__WHAT THE TASK REQUIRES__.
Look through the data and write out every line with the word "fact" in it.

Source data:
#####

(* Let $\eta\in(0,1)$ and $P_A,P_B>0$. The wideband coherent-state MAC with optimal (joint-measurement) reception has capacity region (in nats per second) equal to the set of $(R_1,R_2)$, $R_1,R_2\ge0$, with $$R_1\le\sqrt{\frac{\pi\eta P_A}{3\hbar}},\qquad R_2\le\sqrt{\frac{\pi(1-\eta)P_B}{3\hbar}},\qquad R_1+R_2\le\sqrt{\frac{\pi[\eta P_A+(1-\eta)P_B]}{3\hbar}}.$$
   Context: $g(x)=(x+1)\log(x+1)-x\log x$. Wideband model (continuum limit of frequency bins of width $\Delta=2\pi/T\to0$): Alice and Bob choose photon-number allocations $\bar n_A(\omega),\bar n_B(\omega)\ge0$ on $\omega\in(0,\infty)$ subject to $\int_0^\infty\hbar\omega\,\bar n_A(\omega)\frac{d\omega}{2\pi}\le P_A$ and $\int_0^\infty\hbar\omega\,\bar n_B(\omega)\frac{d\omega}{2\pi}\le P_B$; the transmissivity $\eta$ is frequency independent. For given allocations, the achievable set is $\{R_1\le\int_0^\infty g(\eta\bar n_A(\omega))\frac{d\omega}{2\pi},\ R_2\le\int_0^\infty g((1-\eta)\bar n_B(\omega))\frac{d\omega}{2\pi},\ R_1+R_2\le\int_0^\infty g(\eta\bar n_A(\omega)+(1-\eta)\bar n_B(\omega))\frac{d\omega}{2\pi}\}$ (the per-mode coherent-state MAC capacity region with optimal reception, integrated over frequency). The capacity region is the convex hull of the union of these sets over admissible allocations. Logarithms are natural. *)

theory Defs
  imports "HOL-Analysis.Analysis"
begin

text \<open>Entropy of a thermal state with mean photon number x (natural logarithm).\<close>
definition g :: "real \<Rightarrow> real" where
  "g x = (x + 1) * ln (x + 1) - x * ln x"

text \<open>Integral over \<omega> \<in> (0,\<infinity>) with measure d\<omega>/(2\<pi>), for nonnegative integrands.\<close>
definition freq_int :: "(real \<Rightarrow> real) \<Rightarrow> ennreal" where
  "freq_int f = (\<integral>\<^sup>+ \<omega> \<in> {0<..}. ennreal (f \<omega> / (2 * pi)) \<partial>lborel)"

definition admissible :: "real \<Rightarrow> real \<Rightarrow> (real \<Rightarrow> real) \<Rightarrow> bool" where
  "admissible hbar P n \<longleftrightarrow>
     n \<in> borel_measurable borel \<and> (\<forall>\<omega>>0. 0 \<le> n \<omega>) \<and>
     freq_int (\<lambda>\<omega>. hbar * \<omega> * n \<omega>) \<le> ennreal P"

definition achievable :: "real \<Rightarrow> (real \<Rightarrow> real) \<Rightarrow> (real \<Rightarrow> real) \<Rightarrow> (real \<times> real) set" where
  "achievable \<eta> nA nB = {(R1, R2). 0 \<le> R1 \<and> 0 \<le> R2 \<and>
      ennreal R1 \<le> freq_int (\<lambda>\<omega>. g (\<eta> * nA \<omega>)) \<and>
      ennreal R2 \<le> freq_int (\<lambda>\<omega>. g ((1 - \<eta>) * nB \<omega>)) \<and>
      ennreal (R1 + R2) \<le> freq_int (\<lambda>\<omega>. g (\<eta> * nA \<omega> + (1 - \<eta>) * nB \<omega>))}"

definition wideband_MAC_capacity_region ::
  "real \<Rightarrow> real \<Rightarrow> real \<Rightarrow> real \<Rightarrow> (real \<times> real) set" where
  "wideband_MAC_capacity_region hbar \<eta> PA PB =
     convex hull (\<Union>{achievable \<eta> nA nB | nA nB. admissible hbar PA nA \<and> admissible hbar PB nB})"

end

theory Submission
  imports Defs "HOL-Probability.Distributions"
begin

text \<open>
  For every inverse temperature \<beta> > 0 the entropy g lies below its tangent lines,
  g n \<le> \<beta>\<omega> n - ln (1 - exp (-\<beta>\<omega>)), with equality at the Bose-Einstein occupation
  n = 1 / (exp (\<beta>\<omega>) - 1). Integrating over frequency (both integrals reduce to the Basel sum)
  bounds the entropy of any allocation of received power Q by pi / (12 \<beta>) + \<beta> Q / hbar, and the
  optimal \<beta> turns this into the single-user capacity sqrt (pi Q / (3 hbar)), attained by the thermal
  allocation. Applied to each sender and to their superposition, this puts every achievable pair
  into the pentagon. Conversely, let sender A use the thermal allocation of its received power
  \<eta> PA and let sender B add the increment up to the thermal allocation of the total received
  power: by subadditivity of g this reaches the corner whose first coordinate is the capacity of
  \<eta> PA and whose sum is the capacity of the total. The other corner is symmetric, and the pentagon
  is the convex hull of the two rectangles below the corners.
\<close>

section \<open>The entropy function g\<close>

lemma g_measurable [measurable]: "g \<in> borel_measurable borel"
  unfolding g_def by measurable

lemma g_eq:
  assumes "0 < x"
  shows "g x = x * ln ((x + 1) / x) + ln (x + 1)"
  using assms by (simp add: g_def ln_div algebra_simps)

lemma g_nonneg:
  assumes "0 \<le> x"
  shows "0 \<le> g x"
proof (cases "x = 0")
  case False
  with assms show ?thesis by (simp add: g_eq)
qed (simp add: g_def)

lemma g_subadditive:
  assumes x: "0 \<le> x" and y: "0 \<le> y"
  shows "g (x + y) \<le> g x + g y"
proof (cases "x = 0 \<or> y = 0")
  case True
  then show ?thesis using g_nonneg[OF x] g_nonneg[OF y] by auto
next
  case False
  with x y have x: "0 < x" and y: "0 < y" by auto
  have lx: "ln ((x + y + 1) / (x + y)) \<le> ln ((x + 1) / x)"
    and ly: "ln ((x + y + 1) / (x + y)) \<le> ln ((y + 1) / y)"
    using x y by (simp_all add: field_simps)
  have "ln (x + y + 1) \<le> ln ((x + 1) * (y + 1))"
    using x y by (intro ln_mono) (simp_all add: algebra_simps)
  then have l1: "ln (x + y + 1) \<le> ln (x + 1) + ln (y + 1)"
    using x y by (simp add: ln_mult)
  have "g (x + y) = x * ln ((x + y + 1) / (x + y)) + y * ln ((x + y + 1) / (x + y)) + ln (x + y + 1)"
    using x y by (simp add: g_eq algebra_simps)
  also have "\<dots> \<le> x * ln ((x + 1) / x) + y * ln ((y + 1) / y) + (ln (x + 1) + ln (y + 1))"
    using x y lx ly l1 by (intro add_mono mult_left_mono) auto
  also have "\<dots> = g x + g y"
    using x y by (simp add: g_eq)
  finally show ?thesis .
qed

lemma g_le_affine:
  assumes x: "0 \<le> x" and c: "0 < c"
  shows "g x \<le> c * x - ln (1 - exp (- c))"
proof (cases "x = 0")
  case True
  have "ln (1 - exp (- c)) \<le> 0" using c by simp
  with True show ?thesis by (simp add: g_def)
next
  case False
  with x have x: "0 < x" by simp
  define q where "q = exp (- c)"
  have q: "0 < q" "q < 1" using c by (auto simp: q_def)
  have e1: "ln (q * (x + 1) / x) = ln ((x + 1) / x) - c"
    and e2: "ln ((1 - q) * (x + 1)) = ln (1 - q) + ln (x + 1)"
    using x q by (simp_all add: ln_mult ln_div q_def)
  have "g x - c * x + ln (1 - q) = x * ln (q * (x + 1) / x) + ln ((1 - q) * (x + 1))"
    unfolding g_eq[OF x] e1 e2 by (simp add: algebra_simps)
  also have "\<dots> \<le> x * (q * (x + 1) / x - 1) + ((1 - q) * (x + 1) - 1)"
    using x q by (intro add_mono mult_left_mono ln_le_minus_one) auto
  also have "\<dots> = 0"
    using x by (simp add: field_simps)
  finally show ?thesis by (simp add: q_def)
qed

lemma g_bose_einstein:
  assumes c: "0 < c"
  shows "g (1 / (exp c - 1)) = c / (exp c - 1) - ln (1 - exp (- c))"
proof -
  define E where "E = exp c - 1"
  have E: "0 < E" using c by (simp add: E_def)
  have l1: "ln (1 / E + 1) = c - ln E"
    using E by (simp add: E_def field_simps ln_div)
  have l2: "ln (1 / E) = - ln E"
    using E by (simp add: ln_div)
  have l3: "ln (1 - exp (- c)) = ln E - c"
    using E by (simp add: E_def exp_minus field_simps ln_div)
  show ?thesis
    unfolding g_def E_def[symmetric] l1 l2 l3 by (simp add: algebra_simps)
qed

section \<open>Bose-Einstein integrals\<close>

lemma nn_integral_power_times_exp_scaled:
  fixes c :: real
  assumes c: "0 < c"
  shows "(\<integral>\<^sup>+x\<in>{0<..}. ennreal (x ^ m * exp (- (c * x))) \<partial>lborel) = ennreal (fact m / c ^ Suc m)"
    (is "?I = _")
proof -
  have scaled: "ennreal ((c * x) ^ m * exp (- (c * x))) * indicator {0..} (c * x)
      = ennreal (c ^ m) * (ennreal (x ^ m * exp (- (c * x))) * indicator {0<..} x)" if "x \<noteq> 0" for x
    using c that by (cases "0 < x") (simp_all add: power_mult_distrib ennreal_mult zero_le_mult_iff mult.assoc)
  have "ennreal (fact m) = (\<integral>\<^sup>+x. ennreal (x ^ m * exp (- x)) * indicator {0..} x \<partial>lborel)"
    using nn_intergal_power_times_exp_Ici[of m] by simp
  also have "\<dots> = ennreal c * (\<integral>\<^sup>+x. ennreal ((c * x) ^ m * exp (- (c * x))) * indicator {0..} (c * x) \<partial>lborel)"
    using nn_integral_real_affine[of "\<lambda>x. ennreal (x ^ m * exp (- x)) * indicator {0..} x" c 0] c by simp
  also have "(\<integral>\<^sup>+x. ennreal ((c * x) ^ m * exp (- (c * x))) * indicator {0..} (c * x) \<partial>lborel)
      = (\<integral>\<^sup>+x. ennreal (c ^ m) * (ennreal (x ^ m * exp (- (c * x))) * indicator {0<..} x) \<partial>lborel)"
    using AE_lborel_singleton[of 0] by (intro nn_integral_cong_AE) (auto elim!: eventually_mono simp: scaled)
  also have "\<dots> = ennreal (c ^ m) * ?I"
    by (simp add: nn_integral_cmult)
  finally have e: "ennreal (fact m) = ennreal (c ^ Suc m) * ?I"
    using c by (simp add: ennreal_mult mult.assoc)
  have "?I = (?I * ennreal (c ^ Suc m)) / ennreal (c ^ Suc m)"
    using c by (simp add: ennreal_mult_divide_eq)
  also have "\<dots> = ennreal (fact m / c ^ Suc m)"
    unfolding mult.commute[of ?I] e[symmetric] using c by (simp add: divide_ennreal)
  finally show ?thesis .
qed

#####

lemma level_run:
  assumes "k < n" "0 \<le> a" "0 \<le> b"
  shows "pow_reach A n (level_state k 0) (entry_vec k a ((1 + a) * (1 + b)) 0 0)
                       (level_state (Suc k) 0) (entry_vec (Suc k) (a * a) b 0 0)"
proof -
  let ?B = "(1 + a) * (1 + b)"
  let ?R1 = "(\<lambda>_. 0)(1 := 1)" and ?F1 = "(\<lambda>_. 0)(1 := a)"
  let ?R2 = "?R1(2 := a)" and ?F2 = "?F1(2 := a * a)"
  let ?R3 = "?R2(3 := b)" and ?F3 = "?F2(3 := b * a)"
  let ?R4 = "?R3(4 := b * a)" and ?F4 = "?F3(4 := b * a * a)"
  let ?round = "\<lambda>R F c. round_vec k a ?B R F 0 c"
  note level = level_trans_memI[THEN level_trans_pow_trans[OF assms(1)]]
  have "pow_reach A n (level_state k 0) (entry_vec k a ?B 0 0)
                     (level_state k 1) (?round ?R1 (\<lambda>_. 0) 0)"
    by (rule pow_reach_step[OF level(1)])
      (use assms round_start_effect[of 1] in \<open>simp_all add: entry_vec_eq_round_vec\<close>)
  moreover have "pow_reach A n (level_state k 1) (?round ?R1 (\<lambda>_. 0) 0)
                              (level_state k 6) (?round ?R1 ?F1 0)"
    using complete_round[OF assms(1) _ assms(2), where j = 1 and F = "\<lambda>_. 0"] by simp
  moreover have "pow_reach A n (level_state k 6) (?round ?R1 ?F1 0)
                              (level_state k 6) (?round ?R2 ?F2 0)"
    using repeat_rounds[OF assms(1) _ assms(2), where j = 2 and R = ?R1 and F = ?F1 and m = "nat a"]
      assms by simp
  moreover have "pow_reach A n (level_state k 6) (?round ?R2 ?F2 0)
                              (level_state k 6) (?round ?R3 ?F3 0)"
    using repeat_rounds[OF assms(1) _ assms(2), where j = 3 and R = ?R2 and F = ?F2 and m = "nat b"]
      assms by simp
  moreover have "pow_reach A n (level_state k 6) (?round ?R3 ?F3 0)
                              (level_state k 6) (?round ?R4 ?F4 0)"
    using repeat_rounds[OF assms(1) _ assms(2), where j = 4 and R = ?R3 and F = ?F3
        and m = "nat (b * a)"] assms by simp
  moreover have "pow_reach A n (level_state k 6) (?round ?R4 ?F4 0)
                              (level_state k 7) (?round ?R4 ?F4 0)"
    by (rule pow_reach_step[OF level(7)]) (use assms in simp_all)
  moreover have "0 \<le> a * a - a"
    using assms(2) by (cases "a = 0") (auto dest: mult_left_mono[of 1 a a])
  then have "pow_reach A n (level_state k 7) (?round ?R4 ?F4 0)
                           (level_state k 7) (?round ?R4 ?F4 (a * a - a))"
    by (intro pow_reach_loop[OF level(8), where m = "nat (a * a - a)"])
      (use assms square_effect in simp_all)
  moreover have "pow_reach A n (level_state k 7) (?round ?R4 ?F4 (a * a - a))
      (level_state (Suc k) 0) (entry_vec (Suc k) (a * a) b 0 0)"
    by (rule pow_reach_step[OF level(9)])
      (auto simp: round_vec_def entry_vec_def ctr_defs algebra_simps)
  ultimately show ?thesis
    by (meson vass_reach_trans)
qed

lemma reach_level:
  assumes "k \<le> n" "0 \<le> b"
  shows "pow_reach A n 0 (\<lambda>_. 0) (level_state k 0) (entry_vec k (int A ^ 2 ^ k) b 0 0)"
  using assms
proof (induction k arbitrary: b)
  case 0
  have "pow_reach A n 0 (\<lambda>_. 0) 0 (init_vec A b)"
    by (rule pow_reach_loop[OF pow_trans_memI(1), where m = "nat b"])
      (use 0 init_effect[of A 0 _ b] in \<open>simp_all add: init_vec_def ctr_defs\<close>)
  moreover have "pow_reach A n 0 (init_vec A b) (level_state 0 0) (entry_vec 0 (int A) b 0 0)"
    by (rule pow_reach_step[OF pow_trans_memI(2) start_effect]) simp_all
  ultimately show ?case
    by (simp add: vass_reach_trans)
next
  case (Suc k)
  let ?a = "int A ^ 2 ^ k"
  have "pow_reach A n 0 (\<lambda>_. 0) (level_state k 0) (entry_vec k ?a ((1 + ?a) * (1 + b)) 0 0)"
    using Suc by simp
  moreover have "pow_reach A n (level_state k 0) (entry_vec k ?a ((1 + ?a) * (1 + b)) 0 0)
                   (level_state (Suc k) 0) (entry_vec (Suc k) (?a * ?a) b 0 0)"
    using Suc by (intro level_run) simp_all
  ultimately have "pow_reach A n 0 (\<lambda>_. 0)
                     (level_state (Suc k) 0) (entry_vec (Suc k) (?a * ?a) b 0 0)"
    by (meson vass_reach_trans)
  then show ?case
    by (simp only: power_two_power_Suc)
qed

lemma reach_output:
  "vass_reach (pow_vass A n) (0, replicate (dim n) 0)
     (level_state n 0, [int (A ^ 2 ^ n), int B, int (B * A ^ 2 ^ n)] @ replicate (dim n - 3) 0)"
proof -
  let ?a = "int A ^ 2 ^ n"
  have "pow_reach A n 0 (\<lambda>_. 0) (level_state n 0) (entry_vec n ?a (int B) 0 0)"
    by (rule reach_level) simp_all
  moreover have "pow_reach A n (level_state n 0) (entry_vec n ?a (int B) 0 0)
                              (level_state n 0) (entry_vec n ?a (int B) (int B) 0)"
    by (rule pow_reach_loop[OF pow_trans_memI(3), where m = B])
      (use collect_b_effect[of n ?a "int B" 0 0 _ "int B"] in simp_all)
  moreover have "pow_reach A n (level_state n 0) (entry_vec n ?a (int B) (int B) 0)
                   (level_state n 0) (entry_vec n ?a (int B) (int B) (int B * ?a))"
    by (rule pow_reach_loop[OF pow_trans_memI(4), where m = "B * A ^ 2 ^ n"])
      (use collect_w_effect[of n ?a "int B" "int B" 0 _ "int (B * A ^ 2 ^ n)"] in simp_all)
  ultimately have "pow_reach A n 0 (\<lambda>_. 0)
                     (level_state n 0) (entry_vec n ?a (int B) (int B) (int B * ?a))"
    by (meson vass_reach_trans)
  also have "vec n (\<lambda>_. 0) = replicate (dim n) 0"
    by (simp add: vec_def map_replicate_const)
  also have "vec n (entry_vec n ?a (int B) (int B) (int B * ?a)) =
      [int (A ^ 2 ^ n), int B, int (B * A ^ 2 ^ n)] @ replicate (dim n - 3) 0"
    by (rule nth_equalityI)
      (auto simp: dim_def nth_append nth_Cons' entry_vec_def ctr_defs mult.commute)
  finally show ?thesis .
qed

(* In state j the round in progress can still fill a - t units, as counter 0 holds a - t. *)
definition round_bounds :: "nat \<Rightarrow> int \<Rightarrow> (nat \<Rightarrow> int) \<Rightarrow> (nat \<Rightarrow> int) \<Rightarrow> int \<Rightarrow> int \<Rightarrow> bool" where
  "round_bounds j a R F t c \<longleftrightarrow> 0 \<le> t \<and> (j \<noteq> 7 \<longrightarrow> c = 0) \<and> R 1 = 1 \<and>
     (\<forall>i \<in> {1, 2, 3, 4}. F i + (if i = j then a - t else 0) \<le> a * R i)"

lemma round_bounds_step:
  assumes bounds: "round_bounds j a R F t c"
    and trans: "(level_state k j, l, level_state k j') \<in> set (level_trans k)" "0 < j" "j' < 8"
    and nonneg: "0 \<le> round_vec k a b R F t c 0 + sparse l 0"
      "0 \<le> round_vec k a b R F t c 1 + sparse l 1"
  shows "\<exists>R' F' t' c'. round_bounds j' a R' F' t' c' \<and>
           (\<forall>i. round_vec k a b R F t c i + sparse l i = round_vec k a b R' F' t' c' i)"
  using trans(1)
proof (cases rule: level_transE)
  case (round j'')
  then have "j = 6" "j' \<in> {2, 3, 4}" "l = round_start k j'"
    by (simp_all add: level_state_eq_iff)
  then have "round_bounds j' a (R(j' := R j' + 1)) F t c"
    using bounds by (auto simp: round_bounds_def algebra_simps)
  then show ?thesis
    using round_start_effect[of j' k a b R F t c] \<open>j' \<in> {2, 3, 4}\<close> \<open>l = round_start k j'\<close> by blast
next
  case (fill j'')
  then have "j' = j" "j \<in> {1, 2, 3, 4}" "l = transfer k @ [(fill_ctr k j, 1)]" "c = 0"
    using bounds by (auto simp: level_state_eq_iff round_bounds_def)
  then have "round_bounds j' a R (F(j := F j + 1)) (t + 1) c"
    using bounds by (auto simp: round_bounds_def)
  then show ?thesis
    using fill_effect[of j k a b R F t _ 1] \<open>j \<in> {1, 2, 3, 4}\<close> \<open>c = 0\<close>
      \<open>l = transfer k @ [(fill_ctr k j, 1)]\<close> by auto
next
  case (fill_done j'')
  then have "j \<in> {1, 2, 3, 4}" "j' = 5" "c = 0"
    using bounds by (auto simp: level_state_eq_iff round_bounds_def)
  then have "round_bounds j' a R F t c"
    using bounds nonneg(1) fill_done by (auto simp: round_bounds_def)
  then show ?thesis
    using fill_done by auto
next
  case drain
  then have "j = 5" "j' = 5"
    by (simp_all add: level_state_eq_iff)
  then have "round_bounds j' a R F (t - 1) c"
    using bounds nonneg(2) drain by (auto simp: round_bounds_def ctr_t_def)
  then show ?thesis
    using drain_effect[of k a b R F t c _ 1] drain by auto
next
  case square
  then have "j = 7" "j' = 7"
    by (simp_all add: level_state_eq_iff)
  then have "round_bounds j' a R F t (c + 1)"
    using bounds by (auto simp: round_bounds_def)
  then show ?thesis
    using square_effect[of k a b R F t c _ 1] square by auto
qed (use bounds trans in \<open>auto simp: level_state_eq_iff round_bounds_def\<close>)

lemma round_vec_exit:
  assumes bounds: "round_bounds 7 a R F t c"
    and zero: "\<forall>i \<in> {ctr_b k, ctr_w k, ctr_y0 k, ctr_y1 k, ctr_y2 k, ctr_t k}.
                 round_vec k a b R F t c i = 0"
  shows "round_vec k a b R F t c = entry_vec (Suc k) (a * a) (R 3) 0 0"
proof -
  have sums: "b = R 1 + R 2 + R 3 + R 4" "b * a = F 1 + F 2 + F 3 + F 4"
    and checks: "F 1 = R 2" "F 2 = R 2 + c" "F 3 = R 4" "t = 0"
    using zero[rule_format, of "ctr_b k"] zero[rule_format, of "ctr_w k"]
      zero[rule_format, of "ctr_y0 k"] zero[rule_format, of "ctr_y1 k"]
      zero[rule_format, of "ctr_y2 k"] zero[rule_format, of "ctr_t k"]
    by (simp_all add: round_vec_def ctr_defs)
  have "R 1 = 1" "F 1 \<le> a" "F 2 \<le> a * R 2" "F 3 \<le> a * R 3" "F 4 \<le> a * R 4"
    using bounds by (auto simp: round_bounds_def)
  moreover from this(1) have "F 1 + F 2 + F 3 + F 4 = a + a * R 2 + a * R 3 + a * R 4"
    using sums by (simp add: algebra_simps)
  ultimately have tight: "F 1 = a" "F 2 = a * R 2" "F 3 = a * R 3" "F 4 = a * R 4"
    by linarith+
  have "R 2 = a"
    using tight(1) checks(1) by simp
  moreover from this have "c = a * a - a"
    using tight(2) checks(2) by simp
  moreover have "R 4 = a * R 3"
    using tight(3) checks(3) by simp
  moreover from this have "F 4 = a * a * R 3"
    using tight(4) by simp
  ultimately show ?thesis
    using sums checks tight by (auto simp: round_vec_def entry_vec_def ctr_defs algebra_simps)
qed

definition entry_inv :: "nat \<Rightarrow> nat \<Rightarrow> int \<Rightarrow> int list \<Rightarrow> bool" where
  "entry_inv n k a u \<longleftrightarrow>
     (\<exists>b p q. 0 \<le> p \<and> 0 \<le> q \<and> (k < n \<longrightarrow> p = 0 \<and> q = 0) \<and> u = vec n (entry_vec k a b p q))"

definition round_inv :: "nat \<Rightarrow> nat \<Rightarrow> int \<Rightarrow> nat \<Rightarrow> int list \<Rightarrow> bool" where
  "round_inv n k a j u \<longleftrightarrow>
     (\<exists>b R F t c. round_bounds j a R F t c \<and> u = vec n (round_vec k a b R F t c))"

#####

__WRITTEN ANSWER__.
  shows "(\<integral>\<^sup>+x\<in>{0<..}. ennreal (x ^ m * exp (- (c * x))) \<partial>lborel) = ennreal (fact m / c ^ Suc m)"
  have "ennreal (fact m) = (\<integral>\<^sup>+x. ennreal (x ^ m * exp (- x)) * indicator {0..} x \<partial>lborel)"
  finally have e: "ennreal (fact m) = ennreal (c ^ Suc m) * ?I"
  also have "\<dots> = ennreal (fact m / c ^ Suc m)"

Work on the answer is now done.